PRE-CONFERENCE WORKSHOPS - Times listed are Eastern Time (ET)

Estimating propensity scores for binary, multinomial, and continuous exposures using TWANG
Oct 22 @ 12:00 pm – 4:00 pm

Session Co-Chair: Donna L. Coffman, Temple University
Session Co-Chair: Megan S. Schuler, Rand Corporation

When randomized experiments are infeasible, analysts must rely on observational data in which treatment (or exposure) is not randomly assigned. Although randomized trials are the gold standard, there are many important epidemiological questions that can be addressed using observational data. Drawing unbiased inferences from such data relies on the use of appropriate statistical methods, such as causal inference methods, to account for the non-randomized design. This workshop will introduce the potential outcomes framework and the use of inverse probability (or propensity) of treatment weights (IPTW) to estimate causal effects. We will present step-by-step guidelines on how to estimate and perform diagnostic checks of the weights for settings with two or more treatment groups and for continuous exposures. We will provide an overview on how to implement omitted variable analyses, which are critical to any IPTW analysis as the robustness of causal effects depends on no unobserved confounders. Attendees will gain hands-on experience estimating each type of weight using gradient (or generalized) boosting models (GBM), as well as in how to estimate the causal effects of interest using the IPTW. Running these analyses can be done via the TWANG package/suite of commands in Stata, SAS, or R; code will be shared. We will showcase a new menu-driven free Shiny app. Attendees should be familiar with linear and logistic regression, but prior knowledge of IPTW and GBM is not necessary.

Utilizing electronic health records for epidemiological analysis
Oct 23 @ 1:00 pm – 5:00 pm

Session Chair: Neal Goldstein, Drexel University

Increasingly data mined from the electronic health record (EHR) are being used in epidemiological research.
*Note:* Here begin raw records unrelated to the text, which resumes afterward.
section \<open>Elements of \<open>B\<^sub>k\<close>\<close>

lemma fa_subspace_Bk: "fa_subspace (Bk k)"
  unfolding Bk_def by (rule fa_subspace_kspan)

lemma Bk_generator:
  "u \<in> Ahom (m * 100 ^ (k\<^sup>2)) \<Longrightarrow> z \<in> Zk k \<Longrightarrow> v \<in> A1 \<Longrightarrow> fmult (fmult u z) v \<in> Bk k"
  unfolding Bk_def by (rule subsetD[OF kspan_superset]) blast

lemma Bk_fmult_right:
  assumes "b \<in> Bk k" "g \<in> A1"
  shows "fmult b g \<in> Bk k"
proof -
  have "fmult v g \<in> A1" if "v \<in> A1" for v :: "'a fa"
    using assms(2) that unfolding A1_def by (simp add: fsupp_fmult)
  then have "fmult (fmult (fmult u z) v) g \<in> Bk k"
    if "u \<in> Ahom (m * 100 ^ (k\<^sup>2))" "z \<in> Zk k" "v \<in> A1" for u z v m
    using Bk_generator[OF that(1,2)] that(3) by (simp add: fmult_assoc)
  then have "{fmult (fmult u z) v | u z v m. u \<in> Ahom (m * 100 ^ (k\<^sup>2)) \<and> z \<in> Zk k \<and> v \<in> A1}
      \<subseteq> {b. fmult b g \<in> Bk k}"
    by blast
  then have "Bk k \<subseteq> {b. fmult b g \<in> Bk k}"
    by (subst (1) Bk_def) (rule kspan_least[OF fa_subspace_fmult_left_preimage[OF fa_subspace_Bk]])
  then show ?thesis
    using assms(1) by blast
qed

lemma posk_ge_1: "1 \<le> posk k p"
  unfolding posk_def by simp

lemma posk_bounds:
  assumes "k \<ge> 1" "p < q" "q \<le> k"
  shows "posk k p < posk k q" "posk k q < 100 ^ (k\<^sup>2)"
proof -
  have pos: "(0::nat) < 100 ^ ((k - 1)\<^sup>2)"
    by simp
  have "(3::nat) ^ p < 3 ^ q"
    using assms(2) by (simp add: power_strict_increasing)
  then show "posk k p < posk k q"
    unfolding posk_def using pos by simp
  have "(3::nat) ^ q \<le> 3 ^ k"
    using assms(3) by (simp add: power_increasing)
  also have "\<dots> < 100 ^ k"
    using assms(1) by (simp add: power_strict_mono)
  also have "\<dots> \<le> 100 ^ (2 * k - 1)"
    using assms(1) by (intro power_increasing) auto
  finally have "(3::nat) ^ q < 100 ^ (2 * k - 1)" .
  then have "posk k q < 100 ^ (2 * k - 1) * 100 ^ ((k - 1)\<^sup>2)"
    unfolding posk_def using pos by simp
  also have "\<dots> = 100 ^ (k\<^sup>2)"
    using assms(1) by (cases k) (auto simp: power2_eq_square simp flip: power_add)
  finally show "posk k q < 100 ^ (k\<^sup>2)" .
qed

lemma Zk_type1I:
  assumes "length s = 100 ^ (k\<^sup>2) - 1" "p < q" "q \<le> k"
    and "s ! (posk k p - 1) = s ! (posk k q - 1)"
  shows "fscale c (mono s) \<in> Zk k"
  unfolding Zk_def using assms by blast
But more data does not equate to better quality research. In this workshop, we will cover the basics of working with EHRs and designing valid epidemiological analyses. The workshop will be a mix of didactic lecture and interactive group exercises. Participants are requested to provide planned or active research questions in advance, as these will form the basis of breakout group exercises.

Lecture topics will include:
1. Designing and analyzing epidemiological studies using EHR data for both inpatient and outpatient settings.
2. Obtaining data from the EHR, including data export, linkage, and variable manipulation (e.g. parsing data from free text).
3. Architecture of the EHR and terminology/data standards.
4. Understanding the clinical population and how this relates to a target/general population.
5. Common pitfalls in working with EHR data and resources for additional reference.
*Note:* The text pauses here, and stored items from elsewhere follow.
(* Let $0<p<1$, let $\epsilon_1,\epsilon_2,\dots$ be i.i.d. $\mathrm{Bernoulli}(p)$ random variables, and let $Y_i=\begin{pmatrix}\epsilon_i&1\\1&0\end{pmatrix}$, $S_n=Y_nY_{n-1}\cdots Y_1$. Then the top Lyapunov exponent $\lambda(p)=\lim_{n\to\infty}\frac1n\mathbb{E}[\log\|S_n\|]$ satisfies \[ \frac{p\log 3}{4-p}\le \lambda(p)\le \frac{p\log 3}{2}. \]
   Context: $\mathrm{Bernoulli}(p)$ means $\mathbb{P}(\epsilon=1)=p$, $\mathbb{P}(\epsilon=0)=1-p$. $\|\cdot\|$ is any matrix norm (the limit is independent of the choice). It is known that $\lambda(p)=\mathbb{E}[\log X_p]$, where $X_p$ is a $(0,\infty)$-valued random variable with atomless law, uniquely determined by $X_p\sim\frac1{X_p}+\epsilon$ with $\epsilon\sim\mathrm{Bernoulli}(p)$ independent of $X_p$. *)

theory Defs
  imports "HOL-Analysis.Analysis"
begin

definition Ymat :: "bool \<Rightarrow> real^2^2" where
  "Ymat e = (\<chi> i j. if i = 1 \<and> j = 1 then (if e then 1 else 0)
                     else if i = 2 \<and> j = 2 then 0 else 1)"

text \<open>For es = [eps_1, ..., eps_n], Sprod es = Y_n ** ... ** Y_1.\<close>
definition Sprod :: "bool list \<Rightarrow> real^2^2" where
  "Sprod es = foldl (\<lambda>M e. Ymat e ** M) (mat 1) es"

definition bern_weight :: "real \<Rightarrow> bool list \<Rightarrow> real" where
  "bern_weight p es = (\<Prod>e\<leftarrow>es. if e then p else 1 - p)"

text \<open>E[log ||S_n||] for i.i.d. Bernoulli(p) eps_1..eps_n (finite expectation);
  the norm on real^2^2 is the Frobenius norm.\<close>
definition exp_log_norm :: "real \<Rightarrow> nat \<Rightarrow> real" where
  "exp_log_norm p n = (\<Sum>es \<in> {es::bool list. length es = n}.
                         bern_weight p es * ln (norm (Sprod es)))"

end

theory Submission
  imports Defs
begin

text \<open>
  The Frobenius norm is submultiplicative, so \<open>E[log \<parallel>S\<^sub>n\<parallel>]\<close> is subadditive in \<open>n\<close> and, by
  Fekete's lemma, \<open>E[log \<parallel>S\<^sub>n\<parallel>] / n\<close> converges once it is bounded below. Both bounds on the limit
  come from linear bounds on \<open>E[log \<parallel>S\<^sub>n\<parallel>]\<close>, obtained from one-step drift estimates.

  Upper bound: \<open>Y\<^sub>0\<close> swaps the rows of \<open>S\<^sub>n\<close> and \<open>\<parallel>Y\<^sub>1 M\<parallel>\<^sup>2 \<le> 3 \<parallel>M\<parallel>\<^sup>2\<close>, so each step raises
  \<open>log \<parallel>S\<^sub>n\<parallel>\<close> in expectation by at most \<open>p log 3 / 2\<close>.

  Lower bound: the row sums \<open>(a, b)\<close> of \<open>S\<^sub>n\<close> move to \<open>(a + b, a)\<close> with probability \<open>p\<close> and to
  \<open>(b, a)\<close> otherwise. The growth \<open>log ((2a + b)/(a + b))\<close> of the first move depends on
  \<open>r = a/b\<close>, so \<open>log (a + b)\<close> alone has no uniform drift; adding \<open>log 3\<close> times a piecewise
  constant correction in \<open>r\<close> gives a potential whose expected increment is at least
  \<open>p log 3 / (4 - p)\<close> for every \<open>r\<close>, and which differs from \<open>log \<parallel>S\<^sub>n\<parallel>\<close> by a bounded amount.
\<close>

section \<open>Expectation over Bernoulli words\<close>

definition bern_expectation :: "real \<Rightarrow> nat \<Rightarrow> (bool list \<Rightarrow> real) \<Rightarrow> real" where
  "bern_expectation p n f = (\<Sum>es \<in> {es. length es = n}. bern_weight p es * f es)"

lemma bij_betw_append_lists_length:
  "bij_betw (\<lambda>(xs, ys). xs @ ys) ({xs. length xs = m} \<times> {ys. length ys = n}) {zs. length zs = m + n}"
  by (rule bij_betwI[where g = "\<lambda>zs. (take m zs, drop m zs)"]) auto

lemma bern_weight_append: "bern_weight p (xs @ ys) = bern_weight p xs * bern_weight p ys"
  by (simp add: bern_weight_def)

lemma bern_weight_nonneg: "0 \<le> p \<Longrightarrow> p \<le> 1 \<Longrightarrow> 0 \<le> bern_weight p es"
  unfolding bern_weight_def by (induction es) auto

lemma bern_expectation_append:
  "bern_expectation p (m + n) f = bern_expectation p m (\<lambda>xs. bern_expectation p n (\<lambda>ys. f (xs @ ys)))"
proof -
  have "bern_expectation p (m + n) f =
      (\<Sum>(xs, ys) \<in> {xs. length xs = m} \<times> {ys. length ys = n}. bern_weight p (xs @ ys) * f (xs @ ys))"
    unfolding bern_expectation_def
    by (subst sum.reindex_bij_betw[OF bij_betw_append_lists_length, symmetric])
       (simp add: case_prod_unfold)
  then show ?thesis
    by (simp add: bern_expectation_def sum.cartesian_product bern_weight_append
        sum_distrib_left mult.assoc)
qed

lemma bern_expectation_0 [simp]: "bern_expectation p 0 f = f []"
  by (simp add: bern_expectation_def bern_weight_def)

lemma bern_expectation_Suc:
  "bern_expectation p (Suc n) f =
     bern_expectation p n (\<lambda>es. p * f (es @ [True]) + (1 - p) * f (es @ [False]))"
proof -
  have "{es::bool list. length es = Suc 0} = {[True], [False]}"
    by (auto simp: length_Suc_conv)
  then show ?thesis
    using bern_expectation_append[of p n 1 f] by (simp add: bern_expectation_def bern_weight_def)
qed

lemma bern_expectation_mono:
  "0 \<le> p \<Longrightarrow> p \<le> 1 \<Longrightarrow> (\<And>es. f es \<le> g es) \<Longrightarrow> bern_expectation p n f \<le> bern_expectation p n g"
  unfolding bern_expectation_def by (intro sum_mono mult_left_mono) (auto simp: bern_weight_nonneg)

lemma bern_expectation_add:
  "bern_expectation p n (\<lambda>es. f es + g es) = bern_expectation p n f + bern_expectation p n g"
  unfolding bern_expectation_def by (simp add: distrib_left sum.distrib)

lemma bern_expectation_const [simp]: "bern_expectation p n (\<lambda>_. c) = c"
  by (induction n) (simp_all add: bern_expectation_Suc algebra_simps)

lemma bern_expectation_ge_drift:
  assumes "0 \<le> p" "p \<le> 1"
    and "\<And>es. f es + c \<le> p * f (es @ [True]) + (1 - p) * f (es @ [False])"
  shows "f [] + real n * c \<le> bern_expectation p n f"
proof (induction n)
  case (Suc n)
  have "bern_expectation p n f + c = bern_expectation p n (\<lambda>es. f es + c)"
    by (simp add: bern_expectation_add)
  also have "\<dots> \<le> bern_expectation p (Suc n) f"
    unfolding bern_expectation_Suc by (rule bern_expectation_mono) (use assms in auto)
  finally show ?case using Suc by (simp add: algebra_simps)
qed simp

lemma bern_expectation_le_drift:
  assumes "0 \<le> p" "p \<le> 1"
    and "\<And>es. p * f (es @ [True]) + (1 - p) * f (es @ [False]) \<le> f es + c"
  shows "bern_expectation p n f \<le> f [] + real n * c"
proof (induction n)
  case (Suc n)
  have "bern_expectation p (Suc n) f \<le> bern_expectation p n (\<lambda>es. f es + c)"
    unfolding bern_expectation_Suc by (rule bern_expectation_mono) (use assms in auto)
  also have "\<dots> = bern_expectation p n f + c"
    by (simp add: bern_expectation_add)
  finally show ?case using Suc by (simp add: algebra_simps)
qed simp

section \<open>Fekete's lemma\<close>

lemma subadditive_le_multiple:
  fixes a :: "nat \<Rightarrow> real"
  assumes sub: "\<And>m n. a (m + n) \<le> a m + a n"
  shows "a (q * m + i) \<le> real q * a m + a i"
proof (induction q)
  case (Suc q)
  have "a (Suc q * m + i) \<le> a m + a (q * m + i)"
    using sub[of m "q * m + i"] by (simp add: add.assoc)
  with Suc show ?case by (simp add: algebra_simps)
qed simp

lemma subadditive_quotient_le:
  fixes a :: "nat \<Rightarrow> real"
  assumes sub: "\<And>m n. a (m + n) \<le> a m + a n" and "0 < m" "0 < n"
  shows "a n / n \<le> a m / m + (\<bar>a m\<bar> + (\<Sum>i<m. \<bar>a i\<bar>)) / n"
proof -
  define q i where "q = n div m" and "i = n mod m"
  have n: "n = q * m + i" and "i < m"
    using \<open>0 < m\<close> by (simp_all add: q_def i_def)
  have "a i \<le> (\<Sum>i<m. \<bar>a i\<bar>)"
    using member_le_sum[of i "{..<m}" "\<lambda>i. \<bar>a i\<bar>"] \<open>i < m\<close> by simp
  moreover have "- (real i * (a m / m)) \<le> \<bar>a m\<bar>"
  proof -
    have "\<bar>real i * (a m / m)\<bar> \<le> \<bar>a m\<bar>"
      using \<open>i < m\<close> by (simp add: abs_mult field_simps mult_right_mono)
    then show ?thesis by linarith
  qed
  moreover have "real q * a m = n * (a m / m) - i * (a m / m)"
    using \<open>0 < m\<close> by (simp add: n field_simps)
  moreover have "a n \<le> real q * a m + a i"
    using subadditive_le_multiple[of a, OF sub, of q m i] n by simp
  ultimately have "a n \<le> n * (a m / m) + (\<bar>a m\<bar> + (\<Sum>i<m. \<bar>a i\<bar>))"
    by linarith
  then show ?thesis
    using \<open>0 < n\<close> by (simp add: field_simps)
qed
Audience: Researchers interested in EHR data, including proposed and active research projects; students and trainees to seasoned investigators welcome.
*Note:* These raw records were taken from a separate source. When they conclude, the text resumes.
(* Let $\Sigma$ be a finite set of primes, $k$ a positive integer, and $a_1,\ldots,a_k,b_1,\ldots,b_k\in\mathbb{Z}$ with $a_i\neq0$, $\gcd(a_i,b_i)=1$, $a_ib_j-a_jb_i\neq0$ ($i<j$), such that $(2k)!\prod_i a_i\prod_{i<j}(a_ib_j-a_jb_i)$ is a $\Sigma$-unit. Let $M=\max\{|a_1|,\ldots,|a_k|,|b_1|,\ldots,|b_k|\}$. Then for real $x\ge z\ge2$, the set $\Omega(x,z)$ has at most $$kM\frac{x+1}{z-1}+k\sqrt{Mx+M}$$ elements $n$ such that $L_i(n)$ is not $\Sigma$-square-free for some $i\in\{1,\ldots,k\}$.
   Context: An integer is a $\Sigma$-unit if all its prime divisors lie in $\Sigma$; it is $\Sigma$-square-free if it is a product of a $\Sigma$-unit and a square-free integer. $P_\Sigma(z)=\prod_{p<z,\,p\notin\Sigma}p$. $L_i(n)=a_in+b_i$. $\Omega(x,z)=\{n\in\mathbb{Z}:1\le n\le x,\ \gcd(L_1(n)\cdots L_k(n),P_\Sigma(z))=1\}$. *)

theory Defs
  imports Complex_Main "HOL-Computational_Algebra.Computational_Algebra"
begin

definition sigma_unit :: "int set \<Rightarrow> int \<Rightarrow> bool" where
  "sigma_unit \<Sigma> m \<longleftrightarrow> (\<forall>p::int. prime p \<and> p dvd m \<longrightarrow> p \<in> \<Sigma>)"

definition sigma_squarefree :: "int set \<Rightarrow> int \<Rightarrow> bool" where
  "sigma_squarefree \<Sigma> m \<longleftrightarrow> (\<exists>u s. sigma_unit \<Sigma> u \<and> squarefree s \<and> m = u * s)"

definition P_sigma :: "int set \<Rightarrow> real \<Rightarrow> int" where
  "P_sigma \<Sigma> z = (\<Prod>{p::int. prime p \<and> real_of_int p < z \<and> p \<notin> \<Sigma>})"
Machine Learning for Epidemiologists: A Statistical Learning Approach
Oct 26 @ 12:00 pm – 4:00 pm

Session Chair: Rachel Sippy, University of Florida

Machine learning (ML) is a popular approach for prediction of outcomes, including forecasting and spatial predictions. It is well-suited to large datasets with many potential predictor variables and has been applied to many problems in public health and healthcare. This workshop is intended for participants with some statistical modeling background, interested in using ML for prediction. In this hands-on workshop, you will learn to identify appropriate questions for ML, the principles of ML, and how it relates to other modeling approaches. We will apply ML methods with a sample dataset, understand the tools available for using ML, and other resources for ML. This workshop assumes a working knowledge of R, and a laptop with R and RStudio installed will be required for the workshop.

Reproducible Research in Epidemiology: Why and How
Oct 30 @ 12:00 pm – 4:00 pm

Session Chair: Sam Harper, McGill University

Generating transparent and reproducible research is both ethical and necessary for making epidemiologic science useful. This workshop will provide participants with an overview of the rationale for why funders of epidemiologic research, and investigators and students of epidemiologic studies should aim to make their research transparent and fully reproducible, as well as hands-on experience with a selection of tools needed to do so. The workshop will provide: 1) an introductory, high-level overview of what it means to engage in reproducible research; 2) guidance on how to create a management plan for a research project and a structured workspace for the project that facilitates a reproducible workflow; 3) a discussion of pre-registration and pre-analysis plans for both experimental and observational research designs; 4) an introduction to version control and dynamic documents; and 5) tools and guidance for how to ethically and responsible share the outputs of a research project, including data, code, and research reports. The format for the workshop will be a combination of short lecture material, collaborative group work, as well as hands-on exercises. The workshop will be conducted using both R and Stata, but will focus on general practices and core principles that can be adapted to any software platform. The aim is for participants to leave with a strong grasp of why and how to use transparent and reproducible practices throughout the research life cycle.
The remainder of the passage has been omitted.